Everyone from supermodels to Disney princesses popularize long, flowing strands. Looking at any red carpet hairstyle, its easy to feel self-conscious that you wouldn’t have enough hair to pull it off. That’s because many celebrities use extensions both for events and in daily life. Extensions offer celebrities (and you!) the versatility to go from shoulder-length hair in the morning to waist-length waves at night.
As exciting as extensions can be, they can also feel intimidating to start looking into. There are tons of different installation methods for putting in extensions, different types of hair used to make the extensions, and even temporary extensions for special occasions. If you’re considering a longer term set of extensions, there are a lot of different factors that play in to deciding which type and method of installation you should choose, including price and maintenance.
Types of Hair Used in Extensions
Before we jump in to the different ways that extensions can be installed into the hair, it’s important to understand the types of hair that can be used to create extensions. “There are different grades of hair that can be used for hair extensions application,” explains Johns, ranging from synthetics, to human, cuticle-intact unprocessed hair.
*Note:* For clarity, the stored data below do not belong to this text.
lemma ln_weighted_exp_minus_le:
  fixes b x :: real
  assumes "0 \<le> b" "b \<le> 1" "0 \<le> x"
  shows "ln (b * exp (-x) + (1 - b)) \<le> b * (x\<^sup>2 - x)"
proof -
  define Z where "Z = b * exp (-x) + (1 - b)"
  have "0 \<le> (1 - b) * (1 - exp (-x))"
    using assms by simp
  moreover have "Z = exp (-x) + (1 - b) * (1 - exp (-x))"
    by (simp add: Z_def algebra_simps)
  ultimately have "0 < Z"
    by (metis add_pos_nonneg exp_gt_zero)
  then have "ln Z \<le> Z - 1"
    by (rule ln_le_minus_one)
  also have "\<dots> = b * (exp (-x) - 1)"
    by (simp add: Z_def algebra_simps)
  also have "\<dots> \<le> b * (x\<^sup>2 - x)"
    using mult_left_mono[OF exp_minus_le_quadratic[OF assms(3)] assms(1)]
    by (simp add: algebra_simps)
  finally show ?thesis
    by (simp add: Z_def)
qed

text \<open>Factoring out exp (-x) puts the quadratic error on the undamped weight b; applying
  ln_weighted_exp_minus_le to the weight 1 - b instead is too weak when x is close to 1.\<close>
lemma ln_weighted_exp_minus_le':
  fixes b x :: real
  assumes "0 \<le> b" "0 \<le> x" "x \<le> 1"
  shows "ln (b + (1 - b) * exp (-x)) \<le> b * (x + x\<^sup>2) - x"
proof -
  define W where "W = b * exp x + (1 - b)"
  have "b * 1 \<le> b * exp x"
    using assms by (intro mult_left_mono) auto
  then have W: "1 \<le> W"
    by (simp add: W_def)
  have "b + (1 - b) * exp (-x) = exp (-x) * W"
    by (simp add: W_def algebra_simps flip: exp_add)
  then have "ln (b + (1 - b) * exp (-x)) = ln W - x"
    using W by (simp add: ln_mult)
  moreover have "ln W \<le> W - 1"
    using W by (intro ln_le_minus_one) simp
  moreover have "b * exp x \<le> b * (1 + x + x\<^sup>2)"
    using exp_bound[OF assms(2,3)] assms(1) by (rule mult_left_mono)
  then have "W - 1 \<le> b * (x + x\<^sup>2)"
    by (simp add: W_def algebra_simps)
  ultimately show ?thesis
    by linarith
qed

lemma exploration_round_bound:
  fixes \<eta> a p :: real
  assumes "0 < \<eta>" "\<eta> \<le> 1" "0 \<le> a" "a \<le> 1" and p: "p = (1 - \<eta>) * a + \<eta>"
  shows "1 - p + p * ln (a + (1 - a) * exp (-\<eta>/p)) / \<eta> \<le> 2 * \<eta>"
    and "p + p * ln (a * exp (-\<eta>/p) + (1 - a)) / \<eta> \<le> 2 * \<eta>"
proof -
  have nonneg: "0 \<le> \<eta> * (1 - a)" "0 \<le> (1 - \<eta>) * a" "\<eta> * (1 - a) \<le> \<eta>"
    using assms by simp_all
  have diff: "p - a = \<eta> * (1 - a)" "p - \<eta> = (1 - \<eta>) * a"
    by (simp_all add: p algebra_simps)
  have pa: "a \<le> p" "p - a \<le> \<eta>"
    using nonneg(1,3) diff(1) by linarith+
  have "\<eta> \<le> p"
    using nonneg(2) diff(2) by linarith
  then have "0 < p"
    using assms(1) by linarith
  define x where "x = \<eta> / p"
  have x: "0 \<le> x" "x \<le> 1"
    using \<open>0 < p\<close> \<open>\<eta> \<le> p\<close> assms(1) by (simp_all add: x_def)
  have "a * x \<le> \<eta>"
    using \<open>0 < p\<close> pa(1) assms(1) by (simp add: x_def field_simps mult_right_mono)
  have scale: "p * (b * x\<^sup>2 - c * x) / \<eta> = b * x - c" for b c
    using \<open>0 < p\<close> assms(1) by (simp add: x_def field_simps power2_eq_square)
  have "p * ln (a + (1 - a) * exp (-x)) / \<eta> \<le> p * (a * x\<^sup>2 - (1 - a) * x) / \<eta>"
    using ln_weighted_exp_minus_le'[OF assms(3) x] \<open>0 < p\<close> assms(1)
    by (intro divide_right_mono mult_left_mono) (auto simp: algebra_simps)
  also have "\<dots> = a * x - (1 - a)"
    by (rule scale)
  finally show "1 - p + p * ln (a + (1 - a) * exp (-\<eta>/p)) / \<eta> \<le> 2 * \<eta>"
    using pa \<open>a * x \<le> \<eta>\<close> assms(1) by (simp add: x_def)
  have "p * ln (a * exp (-x) + (1 - a)) / \<eta> \<le> p * (a * x\<^sup>2 - a * x) / \<eta>"
    using ln_weighted_exp_minus_le[OF assms(3,4) x(1)] \<open>0 < p\<close> assms(1)
    by (intro divide_right_mono mult_left_mono) (auto simp: algebra_simps)
  also have "\<dots> = a * x - a"
    by (rule scale)
  finally show "p + p * ln (a * exp (-\<eta>/p) + (1 - a)) / \<eta> \<le> 2 * \<eta>"
    using pa \<open>a * x \<le> \<eta>\<close> by (simp add: x_def)
qed
lemma kappa_rem_recursion:
  assumes m: "m \<le> n" and x: "x \<in> B (m + 1)" and eps: "0 < eps" "eps < 1"
  shows "\<kappa>_rem m eps x =
    (\<Sum>j=1..m. lam_coeff j * \<kappa>_rem (m - j) eps (R x)) + lam_rem m eps * \<kappa>_eps eps (R x)
    - ((\<Sum>j=1..m. \<kappa>_rem (m - j) eps (L j (R x))) + \<kappa>_eps eps (tildeL sc L Leps m eps (R x)))"
proof -
  define e where "e = (of_real eps :: 'k)"
  define g where "g = R x"
  have e: "e \<noteq> 0" using eps by (simp add: e_def)
  have "\<kappa>_eps eps (Leps eps g) = lameps eps * \<kappa>_eps eps g"
    using nueps_eig[OF eps] unfolding kappa_eps_def by simp
  with kappa_eps_resolvent[of x eps] x m eps have \<kappa>_x:
    "\<kappa>_eps eps x = nu x + ((lameps eps - lam) * \<kappa>_eps eps g
       - (\<kappa>_eps eps (Leps eps g) - \<kappa>_eps eps (L 0 g)))"
    using B_antimono[of 1 "m + 1"] by (auto simp: g_def algebra_simps)
  have "\<kappa>_rem m eps x = expansion_remainder
      (\<lambda>i. (if i = 0 then nu x else 0) + ((\<Sum>l=0..i. lam_coeff l * \<kappa> (i - l) g) - pert_coeff g i))
      (nu x + ((lameps eps - lam) * \<kappa>_eps eps g - (\<kappa>_eps eps (Leps eps g) - \<kappa>_eps eps (L 0 g)))) m e"
    unfolding kappa_rem_eq \<kappa>_x e_def[symmetric] g_def
    by (rule expansion_remainder_cong) (rule kap_resolvent_coeff[OF x _ m])
  also have "\<dots> = expansion_remainder (\<lambda>i. \<Sum>l=0..i. lam_coeff l * \<kappa> (i - l) g)
        ((lameps eps - lam) * \<kappa>_eps eps g) m e
      - expansion_remainder (pert_coeff g) (\<kappa>_eps eps (Leps eps g) - \<kappa>_eps eps (L 0 g)) m e"
    by (simp only: expansion_remainder_add expansion_remainder_diff expansion_remainder_const add_0)
  also have "expansion_remainder (\<lambda>i. \<Sum>l=0..i. lam_coeff l * \<kappa> (i - l) g)
        ((lameps eps - lam) * \<kappa>_eps eps g) m e =
      (\<Sum>l=1..m. lam_coeff l * \<kappa>_rem (m - l) eps g) + lam_rem m eps * \<kappa>_eps eps g"
    using expansion_remainder_mult[OF e, of lam_coeff "\<lambda>i. \<kappa> i g" "lameps eps - lam" "\<kappa>_eps eps g" m]
    by (simp add: kappa_rem_eq e_def sum.atLeast_Suc_atMost lam_coeff_0)
  finally show ?thesis
    unfolding e_def g_def perturbation_remainder[OF eps] .
qed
Moss agrees and says that typically the easiest way to differentiate between hair extensions is synthetic (typically used for lower-end wigs and clip-ins) and human hair.
Moss also cautions that sourcing hair should be done ethically. “Just as quality is important, it’s equally (if not more) important to know how it is sourced. There is definitely a dark side to the hair extension industry and that’s hair that is not ethically sourced. It’s important to know if your hair came from a willing donor or from other sources, such as cadavers or even unsuspecting individuals who had their ponytail cut off and stolen,” Moss explains. There are a lot of industry-specific terms used to “grade” the hair that goes into extensions, but luckily our experts broke down that basics for us.
Synthetic hair is a great option for those first trying extensions, especially clip-ins for occasional use. There are pros and cons to synthetic versus human hair, but Moss says both types are great depending on the client’s hair they are being matched to and the style you are creating. Synthetic hair is essentially plastic and cannot be heat styled, but it is the most affordable option, according to Moss. “Synthetic hair is mostly what lower-end wigs and clip-ins are made of,” explains Moss. Your mind might immediately jump to images of a bad Halloween wig, but it’s important to note that synthetic extensions, wigs, and clip-ins have come a long way and can vary in terms of quality depending on the price.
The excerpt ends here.